Source data:
[Start of section]

lemma closed_shrinkable_singleton:
  fixes \<alpha> :: "'o::wellorder"
  assumes "t1_space T" and sc: "scaffold T \<alpha> x {x} {{x}}"
  shows "closed_shrinkable T \<alpha> x {x} {{x}}"
proof -
  have "strat_minus {{x}} {x} = {}"
    unfolding strat_minus_def by auto
  then have "scaffold_le T TYPE('o) {x} {x} {{x}}"
    by (intro scaffold_le.intros[OF order_refl sc sc]) simp_all
  moreover have "closedin T {x}"
    using closedin_t1_singleton[OF assms(1)] scaffoldD(2)[OF sc] by simp
  ultimately have "shrinking_subscaffolds T \<alpha> x {x} {{x}} \<G> (\<lambda>m. {x}) (\<lambda>m. {{x}})"
    if "\<forall>G\<in>\<G>. openin T G \<and> x \<in> G" for \<G>
    using sc that unfolding shrinking_subscaffolds_def decseq_def by auto
  then show ?thesis
    unfolding closed_shrinkable_def by blast
qed

context scaffold_step
begin

lemma shrinking_subscaffolds_tails:
  assumes P: "\<forall>n. scaffold T (a n) (c n) (P n) (PS n)"
    and P_le: "\<forall>n. scaffold_le T TYPE('o) (P n) (Sn n) (SSn n)"
    and P_closed: "\<forall>n. closedin T (P n)"
    and separating: "\<forall>z\<in>topspace T - {x}.
                       \<exists>W. x \<in> W \<and> z \<notin> T closure_of W \<and> (\<forall>\<^sub>F n in sequentially. P n \<subseteq> W)"
    and absorbing: "\<forall>G\<in>\<G>. x \<in> G \<and> (\<forall>\<^sub>F n in sequentially. P n \<subseteq> G)"
  shows "shrinking_subscaffolds T \<alpha> x S SS \<G> (\<lambda>m. insert x (\<Union>k. P (k + m)))
           (\<lambda>m. insert (insert x (\<Union>k. P (k + m))) (\<Union>k. PS (k + m)))"
  unfolding shrinking_subscaffolds_def
proof (intro conjI allI ballI)
  fix m
  have P_subset: "\<forall>n. P n \<subseteq> Sn n"
    using P_le scaffold_le_subset by blast
  show "scaffold T \<alpha> x (insert x (\<Union>k. P (k + m)))
          (insert (insert x (\<Union>k. P (k + m))) (\<Union>k. PS (k + m)))"
    using scaffold_step.scaffold[OF scaffold_step_tail[OF P P_subset]] .
  show "scaffold_le T TYPE('o) (insert x (\<Union>k. P (k + m))) S SS"
    using tail_scaffold_le[OF P P_le] .
  show "closedin T (insert x (\<Union>k. P (k + m)))"
  proof (rule closedin_insert_Union_sequence[OF core_in_topspace])
    show "closedin T (P (k + m))" for k
      using P_closed by blast
    show "\<exists>W. x \<in> W \<and> z \<notin> T closure_of W \<and> (\<forall>\<^sub>F k in sequentially. P (k + m) \<subseteq> W)"
      if "z \<in> topspace T" "z \<noteq> x" for z
      using separating that sequentially_offset by blast
  qed
next
  show "decseq (\<lambda>m. insert x (\<Union>k. P (k + m)))"
    unfolding decseq_def
  proof (intro allI impI subsetI)
    fix m m' z assume "m \<le> m'" and z: "z \<in> insert x (\<Union>k. P (k + m'))"
    show "z \<in> insert x (\<Union>k. P (k + m))"
    proof (cases "z = x")
      case False
      then obtain k where "z \<in> P (k + m')"
        using z by blast
      then have "z \<in> P ((k + (m' - m)) + m)"
        using \<open>m \<le> m'\<close> by simp
      then show ?thesis
        by blast
    qed simp
  qed
next
  fix G assume "G \<in> \<G>"
  then obtain N where "x \<in> G" and N: "\<forall>n\<ge>N. P n \<subseteq> G"
    using absorbing unfolding eventually_sequentially by blast
  moreover have "P (k + N) \<subseteq> G" for k
    using N by simp
  ultimately have "insert x (\<Union>k. P (k + N)) \<subseteq> G"
    by blast
  then show "\<exists>m. insert x (\<Union>k. P (k + m)) \<subseteq> G"
    by blast
qed

lemma diagonal_pieces:
  assumes IH: "\<forall>n. closed_shrinkable T (a n) (c n) (Sn n) (SSn n)"
    and \<H>_small: "card_below_b \<H>" and \<H>: "\<forall>H\<in>\<H>. openin T H \<and> x \<in> H"
  obtains P PS where "\<forall>n. scaffold T (a n) (c n) (P n) (PS n)"
    and "\<forall>n. scaffold_le T TYPE('o) (P n) (Sn n) (SSn n)" and "\<forall>n. closedin T (P n)"
    and "\<forall>H\<in>\<H>. \<forall>\<^sub>F n in sequentially. P n \<subseteq> H"
proof -
  have "\<exists>R RS. shrinking_subscaffolds T (a n) (c n) (Sn n) (SSn n) {H\<in>\<H>. c n \<in> H} R RS" for n
  proof -
    have "card_below_b {H\<in>\<H>. c n \<in> H}"
      by (rule card_below_b_lepoll[OF subset_imp_lepoll \<H>_small]) blast
    then show ?thesis
      using IH \<H> unfolding closed_shrinkable_def by simp
  qed
  then obtain R RS
    where R: "\<And>n. shrinking_subscaffolds T (a n) (c n) (Sn n) (SSn n) {H\<in>\<H>. c n \<in> H} (R n) (RS n)"
    by metis
  have "\<forall>\<^sub>F n in sequentially. \<exists>m. R n m \<subseteq> H" if "H \<in> \<H>" for H
  proof -
    have "\<forall>\<^sub>F n in sequentially. c n \<in> H"
      using cores_converge \<H> that unfolding limitin_def by blast
    then show ?thesis
      by (rule eventually_mono) (use R that in \<open>auto simp: shrinking_subscaffolds_def\<close>)
  qed
  moreover have "decseq (R n)" for n
    using R unfolding shrinking_subscaffolds_def by blast
  ultimately obtain g where "\<And>H. H \<in> \<H> \<Longrightarrow> \<forall>\<^sub>F n in sequentially. R n (g n) \<subseteq> H"
    using card_below_b_diagonal[OF \<H>_small] by blast
  then have "\<forall>H\<in>\<H>. \<forall>\<^sub>F n in sequentially. R n (g n) \<subseteq> H"
    by blast
  moreover have "\<forall>n. scaffold T (a n) (c n) (R n (g n)) (RS n (g n))"
    "\<forall>n. scaffold_le T TYPE('o) (R n (g n)) (Sn n) (SSn n)" "\<forall>n. closedin T (R n (g n))"
    using R unfolding shrinking_subscaffolds_def by blast+
  ultimately show ?thesis
    by (rule that[rotated -1])
qed

lemma closed_shrinkable_step:
  assumes "regular_space T" and "psi_below_b T"
    and IH: "\<forall>n. closed_shrinkable T (a n) (c n) (Sn n) (SSn n)"
  shows "closed_shrinkable T \<alpha> x S SS"
  unfolding closed_shrinkable_def
proof (intro allI impI, elim conjE)
  fix \<G> :: "'a set set"
  assume \<G>_small: "card_below_b \<G>" and \<G>: "\<forall>G\<in>\<G>. openin T G \<and> x \<in> G"
  obtain \<W> where \<W>: "card_below_b \<W>" "\<forall>W\<in>\<W>. openin T W \<and> x \<in> W"
    and separating: "\<forall>z\<in>topspace T - {x}. \<exists>W\<in>\<W>. z \<notin> T closure_of W"
    using regular_space_closure_pseudobase[OF assms(1,2) core_in_topspace] by blast
  have "card_below_b (\<G> \<union> \<W>)"
    by (rule card_below_b_Un[OF \<G>_small \<W>(1)])
  moreover have "\<forall>H\<in>\<G> \<union> \<W>. openin T H \<and> x \<in> H"
    using \<G> \<W>(2) by auto
  ultimately obtain P PS where P: "\<forall>n. scaffold T (a n) (c n) (P n) (PS n)"
    "\<forall>n. scaffold_le T TYPE('o) (P n) (Sn n) (SSn n)" "\<forall>n. closedin T (P n)"
    and eventually_in: "\<forall>H\<in>\<G> \<union> \<W>. \<forall>\<^sub>F n in sequentially. P n \<subseteq> H"
    using diagonal_pieces[OF IH] by metis
  have "shrinking_subscaffolds T \<alpha> x S SS \<G> (\<lambda>m. insert x (\<Union>k. P (k + m)))
          (\<lambda>m. insert (insert x (\<Union>k. P (k + m))) (\<Union>k. PS (k + m)))"
  proof (rule shrinking_subscaffolds_tails[OF P])
    show "\<forall>z\<in>topspace T - {x}.
            \<exists>W. x \<in> W \<and> z \<notin> T closure_of W \<and> (\<forall>\<^sub>F n in sequentially. P n \<subseteq> W)"
    proof
      fix z assume "z \<in> topspace T - {x}"
      then obtain W where "W \<in> \<W>" "z \<notin> T closure_of W"
        using separating by blast
      then show "\<exists>W. x \<in> W \<and> z \<notin> T closure_of W \<and> (\<forall>\<^sub>F n in sequentially. P n \<subseteq> W)"
        using \<W>(2) eventually_in by blast
    qed
    show "\<forall>G\<in>\<G>. x \<in> G \<and> (\<forall>\<^sub>F n in sequentially. P n \<subseteq> G)"
      using \<G> eventually_in by blast
  qed
  then show "\<exists>R RS. shrinking_subscaffolds T \<alpha> x S SS \<G> R RS"
    by blast
qed

end

theorem closed_shrinkable_scaffold:
  assumes "regular_space T" and "psi_below_b T" and "scaffold T \<alpha> x S SS"
  shows "closed_shrinkable T \<alpha> x S SS"
  using assms(3)
proof (induction rule: scaffold.induct)
  case (zero \<alpha> x)
  show ?case
    using closed_shrinkable_singleton[OF psi_below_b_imp_t1_space[OF assms(2)] scaffold.zero[OF zero]] .
next
  case (step x U a \<alpha> c Sn SSn S SS)
  have "\<forall>n. scaffold T (a n) (c n) (Sn n) (SSn n)"
    using step.IH by simp
  with step.hyps interpret scaffold_step T x U a \<alpha> c Sn SSn S SS
    by (simp add: scaffold_step_def)
  show ?case
    using closed_shrinkable_step[OF assms(1,2)] step.IH by simp
qed

theorem corollary2:
  fixes Y :: "'a topology" and X :: "'a set" and \<alpha> :: "'o::wellorder"
    and x :: 'a and S :: "'a set" and SS :: "'a set set"
  assumes "regular_space Y"
    and "X \<subseteq> topspace Y"
    and "psi_below_b (subtopology Y X)"
    and "scaffold (subtopology Y X) \<alpha> x S SS"
  shows "\<exists>S'. scaffold_le (subtopology Y X) TYPE('o) S' S SS \<and> closedin (subtopology Y X) S'"
proof -
  have "closed_shrinkable (subtopology Y X) \<alpha> x S SS"
    by (rule closed_shrinkable_scaffold[OF regular_space_subtopology[OF assms(1)] assms(3,4)])
  then have "\<exists>R RS. shrinking_subscaffolds (subtopology Y X) \<alpha> x S SS {} R RS"
    using card_below_b_empty unfolding closed_shrinkable_def by (metis empty_iff)
  then obtain R RS where "shrinking_subscaffolds (subtopology Y X) \<alpha> x S SS {} R RS"
    by blast
  then have "scaffold_le (subtopology Y X) TYPE('o) (R 0) S SS \<and> closedin (subtopology Y X) (R 0)"
    unfolding shrinking_subscaffolds_def by simp
  then show ?thesis
    by blast
qed

end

[End of section]

» **Problem details**:
Starting at the line that has "proof (intro allI impI, elim conjE)" and ending at the line that has "obtain \<W> where", please write out the lines above exactly, leaving out all others.

» **Response to this task**:
proof (intro allI impI, elim conjE)
  fix \<G> :: "'a set set"
  assume \<G>_small: "card_below_b \<G>" and \<G>: "\<forall>G\<in>\<G>. openin T G \<and> x \<in> G"
  obtain \<W> where \<W>: "card_below_b \<W>" "\<forall>W\<in>\<W>. openin T W \<and> x \<in> W"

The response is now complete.